[Stored items]
※

lemma descartes_quadruple_entry_bounds:
  fixes b :: "'a::linordered_idom^4"
  assumes "descartes_quadruple b" and "0 < (\<Sum>i\<in>UNIV. b $ i)"
  shows "0 < (\<Sum>i\<in>UNIV. b $ i) + 4 * b $ k \<and> 4 * b $ k < 3 * (\<Sum>i\<in>UNIV. b $ i)"
proof -
  obtain x y z where "(\<Sum>i\<in>UNIV. b $ i) = b $ k + x + y + z"
    and "(\<Sum>i\<in>UNIV. (b $ i)\<^sup>2) = (b $ k)\<^sup>2 + x\<^sup>2 + y\<^sup>2 + z\<^sup>2"
    using exhaust_4[of k] by (elim disjE) (force simp: sum_4 ac_simps)+
  with assms show ?thesis
    using descartes_entry_bounds[of "b $ k" x y z] by (simp add: descartes_quadruple_def)
qed

lemma reduced_descartes_quadruple:
  fixes b :: "'a::linordered_idom^4"
  defines "s \<equiv> \<Sum>i\<in>UNIV. b $ i"
  assumes "descartes_quadruple b" and "0 < s" and "\<forall>k. 0 \<le> b $ k \<and> 2 * b $ k \<le> s"
  obtains c i j where "i \<noteq> j" and "2 * c = s" and "\<forall>k. b $ k = (if k = i \<or> k = j then c else 0)"
proof -
  have "(\<Sum>k\<in>UNIV. b $ k * (s - 2 * b $ k)) = s * (\<Sum>k\<in>UNIV. b $ k) - 2 * (\<Sum>k\<in>UNIV. (b $ k)\<^sup>2)"
    by (simp add: right_diff_distrib sum_subtractf sum_distrib_left power2_eq_square ac_simps)
  also have "\<dots> = 0"
    using assms(2) by (simp add: descartes_quadruple_def s_def power2_eq_square)
  finally have "b $ k * (s - 2 * b $ k) = 0" for k
    using assms(4) by (subst (asm) sum_nonneg_eq_0_iff) auto
  then have entry: "b $ k = 0 \<or> 2 * b $ k = s" for k
    by (metis mult_eq_0_iff right_minus_eq)
  have "2 * s = (\<Sum>k\<in>UNIV. 2 * b $ k)"
    by (simp add: s_def sum_distrib_left)
  also have "\<dots> = (\<Sum>k\<in>UNIV. if 2 * b $ k = s then s else 0)"
    using entry by (intro sum.cong) auto
  also have "\<dots> = of_nat (card {k. 2 * b $ k = s}) * s"
    using sum.inter_filter[of UNIV "\<lambda>_. s" "\<lambda>k. 2 * b $ k = s"] by simp
  finally have "of_nat (card {k. 2 * b $ k = s}) = (2 :: 'a)"
    using \<open>0 < s\<close> by simp
  then have "card {k. 2 * b $ k = s} = 2"
    by (metis of_nat_eq_iff of_nat_numeral)
  then obtain i j where "i \<noteq> j" and ij: "{k. 2 * b $ k = s} = {i, j}"
    by (auto simp: card_2_iff)
  then have half: "2 * b $ k = s \<longleftrightarrow> k = i \<or> k = j" for k
    by blast
  have "b $ k = (if k = i \<or> k = j then b $ i else 0)" for k
  proof (cases "k = i \<or> k = j")
    case True
    then have "2 * b $ k = 2 * b $ i"
      using half by metis
    with True show ?thesis
      by simp
  next
    case False
    then show ?thesis
      using entry[of k] half[of k] by simp
  qed
  moreover have "2 * b $ i = s"
    using half by blast
  ultimately show ?thesis
    using \<open>i \<noteq> j\<close> that by blast
qed

lemma is_perm_of_vec00cc:
  assumes "i \<noteq> j" and "\<forall>k. x $ k = (if k = i \<or> k = j then c else 0)"
  shows "is_perm_of x (vec00cc c)"
proof -
  define q where "q = Transposition.transpose i 3"
  define p where "p = Transposition.transpose (q j) 4 \<circ> q"
  have perm: "p permutes UNIV"
    by (simp add: p_def q_def permutes_compose permutes_swap_id)
  have "q j \<noteq> 3"
    using \<open>i \<noteq> j\<close> by (auto simp: q_def Transposition.transpose_def)
  then have "p i = 3" and "p j = 4"
    by (simp_all add: p_def q_def)
  then have onto_34: "p k = 3 \<or> p k = 4 \<longleftrightarrow> k = i \<or> k = j" for k
    using permutes_inj[OF perm] by (metis injD)
  have "vec00cc c $ p k = (if k = i \<or> k = j then c else 0)" for k
    using exhaust_4[of "p k"] onto_34[of k] by (auto simp: vec00cc_def)
  with perm assms(2) show ?thesis
    unfolding is_perm_of_def by auto
qed

lemma reduced_is_perm_of_vec00cc:
  fixes b :: "int^4"
  assumes "descartes_quadruple b" and "0 < (\<Sum>i\<in>UNIV. b $ i)"
    and "\<forall>k. 0 \<le> b $ k \<and> 2 * b $ k \<le> (\<Sum>i\<in>UNIV. b $ i)"
  shows "is_perm_of (of_int_vec b) (vec00cc (of_int (vec_gcd b)))"
proof -
  obtain c i j where "i \<noteq> j" and c: "2 * c = (\<Sum>i\<in>UNIV. b $ i)"
    and entries: "\<forall>k. b $ k = (if k = i \<or> k = j then c else 0)"
    using assms by (rule reduced_descartes_quadruple)
  have "vec_gcd b = c"
    using entries c assms(2) by (subst vec_gcd_eq_entry[of b i]) auto
  with \<open>i \<noteq> j\<close> entries show ?thesis
    by (intro is_perm_of_vec00cc) (auto simp: of_int_vec_def)
qed

lemma descartes_quadruple_descent_step:
  fixes b :: "int^4"
  assumes "descartes_quadruple b" and "0 < (\<Sum>i\<in>UNIV. b $ i)"
    and "b $ k < 0 \<or> (\<Sum>i\<in>UNIV. b $ i) < 2 * b $ k"
  obtains G b' where "G \<in> super_gens" and "G *v of_int_vec b = of_int_vec b'"
    and "descartes_quadruple b'" and "vec_gcd b' = vec_gcd b"
    and "0 < (\<Sum>i\<in>UNIV. b' $ i)" and "(\<Sum>i\<in>UNIV. b' $ i) < (\<Sum>i\<in>UNIV. b $ i)"
proof -
  note bounds = descartes_quadruple_entry_bounds[OF assms(1,2), of k]
  show ?thesis
  proof (cases "b $ k < 0")
    case True
    show ?thesis
    proof (rule that[of "transpose (S_gen k)" "S_perp_act k b"])
      show "transpose (S_gen k) \<in> super_gens"
        by (auto simp: super_gens_def)
      show "transpose (S_gen k) *v of_int_vec b = of_int_vec (S_perp_act k b)"
        by (simp only: transpose_S_gen_mult_vec S_perp_act_of_int_vec)
    qed (use True bounds assms(1) in \<open>simp_all add: descartes_quadruple_S_perp_act
        vec_gcd_S_perp_act sum_S_perp_act\<close>)
  next
    case False
    show ?thesis
    proof (rule that[of "S_gen k" "S_act k b"])
      show "S_gen k \<in> super_gens"
        by (auto simp: super_gens_def)
    qed (use False bounds assms in \<open>simp_all add: S_gen_mult_vec S_act_of_int_vec
        descartes_quadruple_S_act vec_gcd_S_act sum_S_act\<close>)
  qed
qed

lemma super_apollonian_reduces_to_vec00cc:
  fixes b :: "int^4"
  assumes "descartes_quadruple b" and "0 < (\<Sum>i\<in>UNIV. b $ i)"
  shows "\<exists>U\<in>super_apollonian. is_perm_of (U *v of_int_vec b) (vec00cc (of_int (vec_gcd b)))"
  using assms
proof (induction "nat (\<Sum>i\<in>UNIV. b $ i)" arbitrary: b rule: less_induct)
  case less
  show ?case
  proof (cases "\<exists>k. b $ k < 0 \<or> (\<Sum>i\<in>UNIV. b $ i) < 2 * b $ k")
    case True
    then obtain k where "b $ k < 0 \<or> (\<Sum>i\<in>UNIV. b $ i) < 2 * b $ k"
      by blast
    with less.prems obtain G b' where G: "G \<in> super_gens" "G *v of_int_vec b = of_int_vec b'"
      and b': "descartes_quadruple b'" "vec_gcd b' = vec_gcd b"
        "0 < (\<Sum>i\<in>UNIV. b' $ i)" "(\<Sum>i\<in>UNIV. b' $ i) < (\<Sum>i\<in>UNIV. b $ i)"
      by (rule descartes_quadruple_descent_step)
    then obtain U where "U \<in> super_apollonian"
      and "is_perm_of (U *v of_int_vec b') (vec00cc (of_int (vec_gcd b)))"
      using less.hyps[of b'] by auto
    moreover have "U ** G \<in> super_apollonian"
      using \<open>U \<in> super_apollonian\<close> G(1)
      by (simp add: super_apollonian_mult super_gens_in_super_apollonian)
    moreover have "(U ** G) *v of_int_vec b = U *v of_int_vec b'"
      by (simp add: G(2) flip: matrix_vector_mul_assoc)
    ultimately show ?thesis
      by metis
  next
    case False
    then have "is_perm_of (mat 1 *v of_int_vec b) (vec00cc (of_int (vec_gcd b)))"
      using less.prems by (simp add: not_less reduced_is_perm_of_vec00cc)
    then show ?thesis
      using super_apollonian.id_in by blast
  qed
qed

lemma is_perm_of_uminus: "is_perm_of x y \<Longrightarrow> is_perm_of (- x) (- y)"
  by (simp add: is_perm_of_def)

lemma vec00cc_uminus: "vec00cc (- c) = - vec00cc c"
  by (simp add: vec_eq_iff vec00cc_def)

lemma matrix_vector_mult_uminus_right: "A *v (- x) = - (A *v x :: 'a::ring_1^'m)"
  by (simp add: vec_eq_iff matrix_vector_mult_def sum_negf)

theorem theorem4p2:
  fixes W :: "real^4^4" and b :: "int^4"
  assumes "descartes_config W"
    and "\<forall>i. curv W $ i = of_int (b $ i)"
  defines "g \<equiv> gcd (gcd (b $ 1) (b $ 2)) (gcd (b $ 3) (b $ 4))"
  shows "((\<Sum>i\<in>UNIV. b $ i) > 0 \<longrightarrow>
            (\<exists>U\<in>super_apollonian. descartes_config (U ** W) \<and>
                 is_perm_of (curv (U ** W)) (vec00cc (of_int g))))
       \<and> ((\<Sum>i\<in>UNIV. b $ i) < 0 \<longrightarrow>
            (\<exists>U\<in>super_apollonian. descartes_config (U ** W) \<and>
                 is_perm_of (curv (U ** W)) (vec00cc (- of_int g))))"
proof -
  have curv_W: "curv W = of_int_vec b"
    using assms(2) by (simp add: vec_eq_iff of_int_vec_def)
  then have b: "descartes_quadruple b"
    using descartes_config_curv[OF assms(1)] by (simp add: descartes_quadruple_of_int_vec_iff)
  have g: "g = vec_gcd b" "g = vec_gcd (- b)"
    by (simp_all add: g_def vec_gcd_4 vec_gcd_uminus)
  have configs: "descartes_config (U ** W) \<and> curv (U ** W) = U *v of_int_vec b"
    if "U \<in> super_apollonian" for U
    using that assms(1) by (simp add: descartes_config_super_apollonian curv_matrix_mult curv_W)
  show ?thesis
  proof (intro conjI impI)
    assume "(\<Sum>i\<in>UNIV. b $ i) > 0"
    then show "\<exists>U\<in>super_apollonian. descartes_config (U ** W) \<and>
        is_perm_of (curv (U ** W)) (vec00cc (of_int g))"
      using super_apollonian_reduces_to_vec00cc[OF b] configs by (auto simp: g(1))
  next
    assume "(\<Sum>i\<in>UNIV. b $ i) < 0"
    then obtain U where "U \<in> super_apollonian"
      and "is_perm_of (- (U *v of_int_vec b)) (vec00cc (of_int g))"
      using super_apollonian_reduces_to_vec00cc[of "- b"] b
      by (auto simp: sum_negf descartes_quadruple_uminus of_int_vec_uminus
          matrix_vector_mult_uminus_right g(2))
    then show "\<exists>U\<in>super_apollonian. descartes_config (U ** W) \<and>
        is_perm_of (curv (U ** W)) (vec00cc (- of_int g))"
      using configs is_perm_of_uminus by (metis minus_minus vec00cc_uminus)
  qed
qed

end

※

- [About this task] Where the word "prems" appears in a line of the entries, copy that line.

- [Output for this exercise]
    with less.prems obtain G b' where G: "G \<in> super_gens" "G *v of_int_vec b = of_int_vec b'"
      using less.prems by (simp add: not_less reduced_is_perm_of_vec00cc)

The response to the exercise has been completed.